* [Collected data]
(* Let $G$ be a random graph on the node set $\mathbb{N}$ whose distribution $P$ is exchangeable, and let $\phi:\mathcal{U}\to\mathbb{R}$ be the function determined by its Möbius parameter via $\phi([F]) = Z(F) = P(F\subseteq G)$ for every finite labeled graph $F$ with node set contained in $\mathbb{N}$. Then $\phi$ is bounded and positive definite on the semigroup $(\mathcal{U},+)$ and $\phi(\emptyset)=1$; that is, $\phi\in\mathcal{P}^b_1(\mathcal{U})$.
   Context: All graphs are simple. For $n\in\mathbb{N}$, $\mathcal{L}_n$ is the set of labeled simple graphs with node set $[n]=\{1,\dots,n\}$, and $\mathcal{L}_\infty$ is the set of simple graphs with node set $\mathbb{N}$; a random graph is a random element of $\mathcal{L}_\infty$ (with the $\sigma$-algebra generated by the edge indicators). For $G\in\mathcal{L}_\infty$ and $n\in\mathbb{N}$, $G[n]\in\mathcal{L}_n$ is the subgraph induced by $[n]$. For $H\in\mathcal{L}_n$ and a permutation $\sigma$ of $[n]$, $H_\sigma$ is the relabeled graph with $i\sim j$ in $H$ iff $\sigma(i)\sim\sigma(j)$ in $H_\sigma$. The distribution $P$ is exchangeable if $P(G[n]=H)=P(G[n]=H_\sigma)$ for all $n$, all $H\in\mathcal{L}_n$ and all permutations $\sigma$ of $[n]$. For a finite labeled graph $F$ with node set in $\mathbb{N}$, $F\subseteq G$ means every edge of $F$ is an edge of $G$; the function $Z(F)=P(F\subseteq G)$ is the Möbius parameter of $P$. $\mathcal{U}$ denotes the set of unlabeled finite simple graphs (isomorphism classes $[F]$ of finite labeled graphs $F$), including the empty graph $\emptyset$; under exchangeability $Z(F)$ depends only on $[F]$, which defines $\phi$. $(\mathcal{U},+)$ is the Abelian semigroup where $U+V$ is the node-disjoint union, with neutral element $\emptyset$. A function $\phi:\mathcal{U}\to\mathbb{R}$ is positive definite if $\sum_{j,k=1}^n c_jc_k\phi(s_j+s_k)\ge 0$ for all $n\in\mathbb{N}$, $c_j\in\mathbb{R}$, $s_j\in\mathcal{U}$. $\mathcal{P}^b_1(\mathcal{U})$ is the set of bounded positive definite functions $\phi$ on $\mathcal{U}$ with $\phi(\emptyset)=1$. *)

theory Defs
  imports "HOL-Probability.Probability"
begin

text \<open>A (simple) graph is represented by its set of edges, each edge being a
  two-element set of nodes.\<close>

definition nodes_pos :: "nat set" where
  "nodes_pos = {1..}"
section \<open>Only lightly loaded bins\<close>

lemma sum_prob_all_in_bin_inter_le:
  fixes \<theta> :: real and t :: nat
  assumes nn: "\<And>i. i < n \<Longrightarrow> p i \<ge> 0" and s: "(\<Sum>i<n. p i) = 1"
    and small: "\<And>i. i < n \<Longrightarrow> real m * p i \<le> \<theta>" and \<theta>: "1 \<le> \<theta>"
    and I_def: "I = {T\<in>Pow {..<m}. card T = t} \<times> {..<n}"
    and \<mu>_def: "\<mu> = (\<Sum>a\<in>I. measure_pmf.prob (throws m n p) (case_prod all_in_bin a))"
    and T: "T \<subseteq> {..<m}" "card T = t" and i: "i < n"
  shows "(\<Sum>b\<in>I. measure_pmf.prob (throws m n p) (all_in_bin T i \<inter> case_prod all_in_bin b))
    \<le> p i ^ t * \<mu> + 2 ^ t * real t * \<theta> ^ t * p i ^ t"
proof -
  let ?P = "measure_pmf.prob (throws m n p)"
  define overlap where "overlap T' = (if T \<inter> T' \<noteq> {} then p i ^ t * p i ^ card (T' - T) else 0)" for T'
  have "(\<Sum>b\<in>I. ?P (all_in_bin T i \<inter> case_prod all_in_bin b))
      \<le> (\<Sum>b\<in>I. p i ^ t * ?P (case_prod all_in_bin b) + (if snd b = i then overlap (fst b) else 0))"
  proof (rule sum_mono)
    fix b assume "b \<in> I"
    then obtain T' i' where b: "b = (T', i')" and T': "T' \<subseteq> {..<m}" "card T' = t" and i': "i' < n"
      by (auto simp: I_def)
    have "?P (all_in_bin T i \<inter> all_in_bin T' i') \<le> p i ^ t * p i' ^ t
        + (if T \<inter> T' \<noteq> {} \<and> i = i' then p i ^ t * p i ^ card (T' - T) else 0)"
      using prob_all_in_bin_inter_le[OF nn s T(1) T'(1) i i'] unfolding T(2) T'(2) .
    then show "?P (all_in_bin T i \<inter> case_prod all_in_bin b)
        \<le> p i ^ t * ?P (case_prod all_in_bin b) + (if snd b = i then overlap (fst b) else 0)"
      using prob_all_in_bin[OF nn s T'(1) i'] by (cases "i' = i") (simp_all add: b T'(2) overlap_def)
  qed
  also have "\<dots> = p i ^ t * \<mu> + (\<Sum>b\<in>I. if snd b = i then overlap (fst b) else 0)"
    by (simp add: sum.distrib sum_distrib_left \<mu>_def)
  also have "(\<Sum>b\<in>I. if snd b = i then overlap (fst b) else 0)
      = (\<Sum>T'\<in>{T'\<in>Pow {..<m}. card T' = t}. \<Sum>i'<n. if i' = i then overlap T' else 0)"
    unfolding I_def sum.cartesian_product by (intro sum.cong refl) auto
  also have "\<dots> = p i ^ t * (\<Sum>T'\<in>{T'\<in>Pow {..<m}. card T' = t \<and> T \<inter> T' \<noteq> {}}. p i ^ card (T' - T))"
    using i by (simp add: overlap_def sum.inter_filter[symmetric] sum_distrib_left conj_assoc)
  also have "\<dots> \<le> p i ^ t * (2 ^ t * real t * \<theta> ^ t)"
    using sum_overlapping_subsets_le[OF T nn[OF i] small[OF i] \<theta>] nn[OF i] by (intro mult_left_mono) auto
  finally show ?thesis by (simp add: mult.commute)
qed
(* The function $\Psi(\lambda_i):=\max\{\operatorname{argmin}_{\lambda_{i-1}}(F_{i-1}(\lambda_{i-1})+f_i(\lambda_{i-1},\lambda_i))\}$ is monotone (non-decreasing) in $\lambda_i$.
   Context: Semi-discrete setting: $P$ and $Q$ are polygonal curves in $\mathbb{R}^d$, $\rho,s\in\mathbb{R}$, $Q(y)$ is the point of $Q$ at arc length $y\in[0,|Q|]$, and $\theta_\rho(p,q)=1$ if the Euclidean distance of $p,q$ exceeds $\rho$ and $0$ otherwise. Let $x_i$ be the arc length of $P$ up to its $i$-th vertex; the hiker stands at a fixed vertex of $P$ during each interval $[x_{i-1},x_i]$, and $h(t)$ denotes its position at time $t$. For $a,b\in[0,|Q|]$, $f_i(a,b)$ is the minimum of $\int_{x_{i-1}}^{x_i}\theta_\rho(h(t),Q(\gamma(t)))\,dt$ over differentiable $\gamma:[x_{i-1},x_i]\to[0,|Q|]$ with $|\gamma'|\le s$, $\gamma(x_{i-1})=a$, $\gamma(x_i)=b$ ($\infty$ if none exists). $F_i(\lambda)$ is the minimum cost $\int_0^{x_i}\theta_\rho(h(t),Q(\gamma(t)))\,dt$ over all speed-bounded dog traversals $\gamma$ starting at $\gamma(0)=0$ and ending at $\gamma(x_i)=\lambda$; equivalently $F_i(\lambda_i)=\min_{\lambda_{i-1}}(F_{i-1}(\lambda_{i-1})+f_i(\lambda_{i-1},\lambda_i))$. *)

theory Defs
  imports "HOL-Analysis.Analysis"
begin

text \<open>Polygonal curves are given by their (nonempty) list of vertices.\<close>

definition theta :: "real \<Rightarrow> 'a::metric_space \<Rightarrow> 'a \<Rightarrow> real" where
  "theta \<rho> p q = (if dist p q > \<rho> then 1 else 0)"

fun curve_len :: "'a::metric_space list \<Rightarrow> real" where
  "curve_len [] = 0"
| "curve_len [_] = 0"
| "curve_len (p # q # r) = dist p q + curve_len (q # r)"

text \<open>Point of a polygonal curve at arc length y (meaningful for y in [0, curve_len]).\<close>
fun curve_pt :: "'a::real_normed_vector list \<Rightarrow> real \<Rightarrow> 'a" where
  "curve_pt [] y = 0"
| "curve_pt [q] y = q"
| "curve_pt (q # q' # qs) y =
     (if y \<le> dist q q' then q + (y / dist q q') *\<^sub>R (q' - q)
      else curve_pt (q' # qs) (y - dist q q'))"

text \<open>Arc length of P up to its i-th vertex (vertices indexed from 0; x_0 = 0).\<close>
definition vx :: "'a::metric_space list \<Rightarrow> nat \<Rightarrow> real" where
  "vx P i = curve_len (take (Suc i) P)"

--

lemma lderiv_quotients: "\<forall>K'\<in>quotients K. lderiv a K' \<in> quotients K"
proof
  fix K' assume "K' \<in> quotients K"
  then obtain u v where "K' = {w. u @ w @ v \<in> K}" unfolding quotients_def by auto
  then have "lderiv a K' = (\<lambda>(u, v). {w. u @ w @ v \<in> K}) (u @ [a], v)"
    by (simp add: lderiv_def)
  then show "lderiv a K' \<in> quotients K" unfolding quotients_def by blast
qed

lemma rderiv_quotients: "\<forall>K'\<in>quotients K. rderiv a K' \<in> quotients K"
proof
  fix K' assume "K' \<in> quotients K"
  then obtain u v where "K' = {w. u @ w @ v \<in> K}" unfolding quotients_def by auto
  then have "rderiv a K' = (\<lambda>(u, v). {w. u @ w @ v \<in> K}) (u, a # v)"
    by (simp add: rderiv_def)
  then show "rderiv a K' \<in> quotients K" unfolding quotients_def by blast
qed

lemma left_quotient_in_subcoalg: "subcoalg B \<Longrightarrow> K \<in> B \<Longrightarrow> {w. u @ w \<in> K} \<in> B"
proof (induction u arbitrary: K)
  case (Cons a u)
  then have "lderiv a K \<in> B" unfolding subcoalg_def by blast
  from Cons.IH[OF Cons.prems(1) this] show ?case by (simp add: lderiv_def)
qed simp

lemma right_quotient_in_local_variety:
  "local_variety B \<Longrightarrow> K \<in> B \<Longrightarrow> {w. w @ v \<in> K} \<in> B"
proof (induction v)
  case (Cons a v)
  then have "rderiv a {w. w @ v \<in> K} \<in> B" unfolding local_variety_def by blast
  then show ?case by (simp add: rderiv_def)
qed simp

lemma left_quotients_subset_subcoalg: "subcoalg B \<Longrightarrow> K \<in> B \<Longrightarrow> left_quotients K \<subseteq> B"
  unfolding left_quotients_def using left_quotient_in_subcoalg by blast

* [What you are asked to do] Among the records above, repeat exactly the line with "then show ?case by (simp add: rderiv_def)", the line with "unfolding left_quotients_def using", and every line in between, and only those.

* [Written response]
  then show ?case by (simp add: rderiv_def)
qed simp

lemma left_quotients_subset_subcoalg: "subcoalg B \<Longrightarrow> K \<in> B \<Longrightarrow> left_quotients K \<subseteq> B"
  unfolding left_quotients_def using left_quotient_in_subcoalg by blast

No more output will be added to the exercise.